The decision upheld a November 1991 temporary restraining order issued by Judge Paul Levy, who is overseeing the rehabilitation of the failed insurer. Some 44 municipal issues totaling about $500 million were affected by the ruling.

Three appeals to the Superior Court of New Jersey's Appellate Division had been filed jointly by three trustee banks: Maryland National Bank, First Tennessee Bank, and Citizens & Southern National Bank of South Carolina. All three appeals were rejected.

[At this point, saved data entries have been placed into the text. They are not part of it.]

(* Let $q$ be a prime power, $\varepsilon=\pm1$, and let $T$ be a maximal torus of $\operatorname{SL}_n(\varepsilon q)$ parameterized by the partition $n=n_1+\ldots+n_s$. Let $t=(n_1,\ldots,n_s)$ and $n_i=tn_i'$ for $i=1,\ldots,s$. If $(n_i',n_j',n_k')=1$ for some pairwise distinct $i,j,k$, then $$T\cong\mathbb{Z}_{((\varepsilon q)^t-1)/(\varepsilon q-1)}\times\mathbb{Z}_{[(\varepsilon q)^{n_i}-1,\,(\varepsilon q)^{(n_j,n_k)}-1]}\times\mathbb{Z}_{[(\varepsilon q)^{n_j}-1,\,(\varepsilon q)^{n_k}-1]}\times\prod_{l\ne i,j,k}\mathbb{Z}_{(\varepsilon q)^{n_l}-1}.$$
   Context: For a nonzero integer $m$, $\mathbb{Z}_m$ denotes a cyclic group of order $|m|$; gcd $(\cdot,\ldots,\cdot)$ and lcm $[\cdot,\ldots,\cdot]$ are taken positive. Convention: $\operatorname{SL}_n(-q)=\operatorname{SU}_n(q)$. The conjugacy classes of maximal tori of $\operatorname{SL}_n(\varepsilon q)$ are parameterized by unordered partitions of $n$; the torus parameterized by $n=n_1+\ldots+n_s$ is the intersection with $\operatorname{SL}_n(\varepsilon q)$ of a maximal torus of $\operatorname{GL}_n(\varepsilon q)$ (resp. $\operatorname{GU}_n(q)$) isomorphic to $\prod_i\mathbb{Z}_{(\varepsilon q)^{n_i}-1}$, corresponding to Weyl group elements of cycle type $(n_1,\ldots,n_s)$. *)

theory Defs
  imports "HOL-Computational_Algebra.Primes" "HOL-Algebra.Elementary_Groups" "HOL-Algebra.Product_Groups"
begin

definition cyc :: "int \<Rightarrow> int monoid" where
  "cyc m = integer_mod_group (nat \<bar>m\<bar>)"

definition cyc_prod :: "int list \<Rightarrow> (nat \<Rightarrow> int) monoid" where
  "cyc_prod ms = product_group {..<length ms} (\<lambda>l. cyc (ms ! l))"

text \<open>Maximal torus of GL_n(eps q) (resp. GU_n(q)) parameterized by the partition ns:
  the product of cyclic groups of orders (eps q)^(n_i) - 1.\<close>
definition GL_torus :: "int \<Rightarrow> nat \<Rightarrow> nat list \<Rightarrow> (nat \<Rightarrow> int) monoid" where
  "GL_torus eps q ns = cyc_prod (map (\<lambda>ni. (eps * int q) ^ ni - 1) ns)"

text \<open>The determinant on this torus: on each factor it is the (surjective) norm map
  Z_((eps q)^(n_i) - 1) -> Z_(eps q - 1) (in additive coordinates: reduction modulo
  |eps q - 1|, after choosing compatible generators), and the determinant is the
  product (here: sum) of these norms.\<close>
definition torus_det :: "int \<Rightarrow> nat \<Rightarrow> nat list \<Rightarrow> (nat \<Rightarrow> int) \<Rightarrow> int" where
  "torus_det eps q ns a = (\<Sum>l<length ns. a l) mod \<bar>eps * int q - 1\<bar>"

definition SL_torus :: "int \<Rightarrow> nat \<Rightarrow> nat list \<Rightarrow> (nat \<Rightarrow> int) monoid" where
  "SL_torus eps q ns = (GL_torus eps q ns)
     \<lparr>carrier := kernel (GL_torus eps q ns) (cyc (eps * int q - 1)) (torus_det eps q ns)\<rparr>"

end

theory Submission
  imports Defs
begin

text \<open>
  Write x = \<epsilon>q and m_l = x^n_l - 1. The torus is the kernel of a \<mapsto> (\<Sum>a_l) mod (x - 1)
  on the product of the cyclic groups Z_m_l. Since gcd (x^a - 1) (x^b - 1) = \<plusminus>(x^(gcd a b) - 1),
  the hypothesis makes gcd (m_i, m_j, m_k) = \<plusminus>(x^t - 1), which divides every m_l.
  Map the kernel to the claimed product by (\<Sum>a_l)/(x - 1) modulo (x^t - 1)/(x - 1), the lcm parts
  of the gcd/lcm splittings of (a_i, a_j + a_k) in Z_m_i \<times> Z_gcd(m_j,m_k) and of (a_j, a_k),
  and the remaining a_l. The gcd parts a_i + a_j + a_k and a_j + a_k of the two splittings are
  recovered from the first coordinate and from the first splitting, so the map is injective;
  both groups have order (\<Prod>m_l)/(x - 1).
\<close>

section \<open>Numbers of the form \<open>x\<^sup>n - 1\<close>\<close>

lemma power_minus_one_dvd:
  fixes x :: "'a::comm_ring_1"
  assumes "m dvd n"
  shows "x ^ m - 1 dvd x ^ n - 1"
proof -
  obtain r where "n = m * r" using assms by blast
  then have "x ^ n - 1 = (x ^ m - 1) * (\<Sum>l<r. (x ^ m) ^ l)"
    by (simp add: power_mult power_diff_1_eq)
  then show ?thesis by simp
qed

lemma gcd_power_minus_one:
  fixes x :: int
  shows "gcd (x ^ m - 1) (x ^ n - 1) = \<bar>x ^ gcd m n - 1\<bar>"
proof (induction m n rule: gcd_nat_induct)
  case (step m n)
  obtain w where "x ^ (n * (m div n)) - 1 = (x ^ n - 1) * w"
    using power_minus_one_dvd[of n "n * (m div n)" x] by (auto elim: dvdE)
  then have w: "x ^ (n * (m div n)) = (x ^ n - 1) * w + 1" by (simp add: algebra_simps)
  have "x ^ m = x ^ (m mod n) * x ^ (n * (m div n))"
    by (metis mod_mult_div_eq mult.commute power_add)
  then have split: "x ^ m - 1 = (x ^ (m mod n) * w) * (x ^ n - 1) + (x ^ (m mod n) - 1)"
    by (simp add: w algebra_simps)
  have "gcd (x ^ m - 1) (x ^ n - 1) = gcd (x ^ n - 1) (x ^ (m mod n) - 1)"
    unfolding split by (metis gcd.commute gcd_add_mult)
  also have "\<dots> = \<bar>x ^ gcd n (m mod n) - 1\<bar>" by (rule step.IH)
  finally show ?case by (metis gcd.commute gcd_red_nat)
qed simp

One motion challenged Judge Levy's ability to issue a temporary restraining order preventing foreclosure; one asserted that the properties in question were not actually assets of Mutual Benefit; and a third claimed that Judge Levy had no jurisdiction over properties outside of New Jersey.

Mutual Benefit was seized in July 1991 by the New Jersey insurance commissioner, Samuel F. Fortunato, after a "run" on the life insurer's assets pushed it toward insolvency.

Traders yesterday said the Mutual Benefit-backed deals were apparently unaffected by the decision.

The bonds have been trading according to coupon size and the properties' underlying cash flows. Higher coupons and stronger projects were quoted at about 91 cents on the dollar yesterday, while the weakest tax-exempt issue - a $5.3 million deal sold by the Allegheny County, Pa., Industrial Development Authority - last traded at about 72 cents on the dollar. Other issues ranged in the 85- to 92-cent range, with one firmly bid at 97.

One trader said that although the appeals may have been forced by bondholders, the trustees' efforts to foreclose could easily hurt most investors.

"The last thing in the world that I would want them to do is come in and yank the project away," said Chris Hall, a partner at the Miami-based firm of Howe, Solomon and Hall. "At this stage of the game, it would affect us adversely. They're making the coupon payments now, and these are relatively high coupons."

The majority of Mutual Benefit-backed deals have coupons ranging from 7.25% to 10%.

"The potential for multi-state foreclosures ... can only adversely affect [Mutual Benefit's] chances for rehabilitation, "yesterday's ruling says. "On the other hand, staying such foreclosures would not adversely affect the trustees or their bondholders."

Lawyers for Mutual Benefit and the insurance commissioner said the decision will preserve the value of Mutual Benefit's assets and allow a higher compensation level for all policyholders.

"It's a very important victory for the rehabilitation effort," said Howard R. Hawkins Jr., a partner at Cadwalader, Wickersham & Taft. "It makes clear that [Judge Levy's] jurisdiction does extent to all the assets and liabilities and issues relating to Mutual Benefit."

The ruling refers to the New Jersey Uniform Insurance Company Liquidation Act and says that a rehabilitation court's jurisdiction must be broadly construed to effectively liquidate multistate assets of failed insurers, Mr. Hawkins said.

"There has never been a decision under the act that has been this broad," he said.

The three indentured trustees appealing last December's ruling may now find themselves out in the cold, according to trustee officials.

Last November, several banks signed a standstill agreement that prevented foreclosure but assured the issues interest payments for the term of the agreement, which expires Aug. 15 and may be extended. Since then, at least two issues have received partial payments or no money at all.

The issues not being paid in full are those with insufficient cash flow, said a trust officer not associated with the appeal.

"They're saying, ~We're not going to contribute cash to pay all the interest; that's a capital payment,'" he said. "It appears that that's the approach they're beginning to take."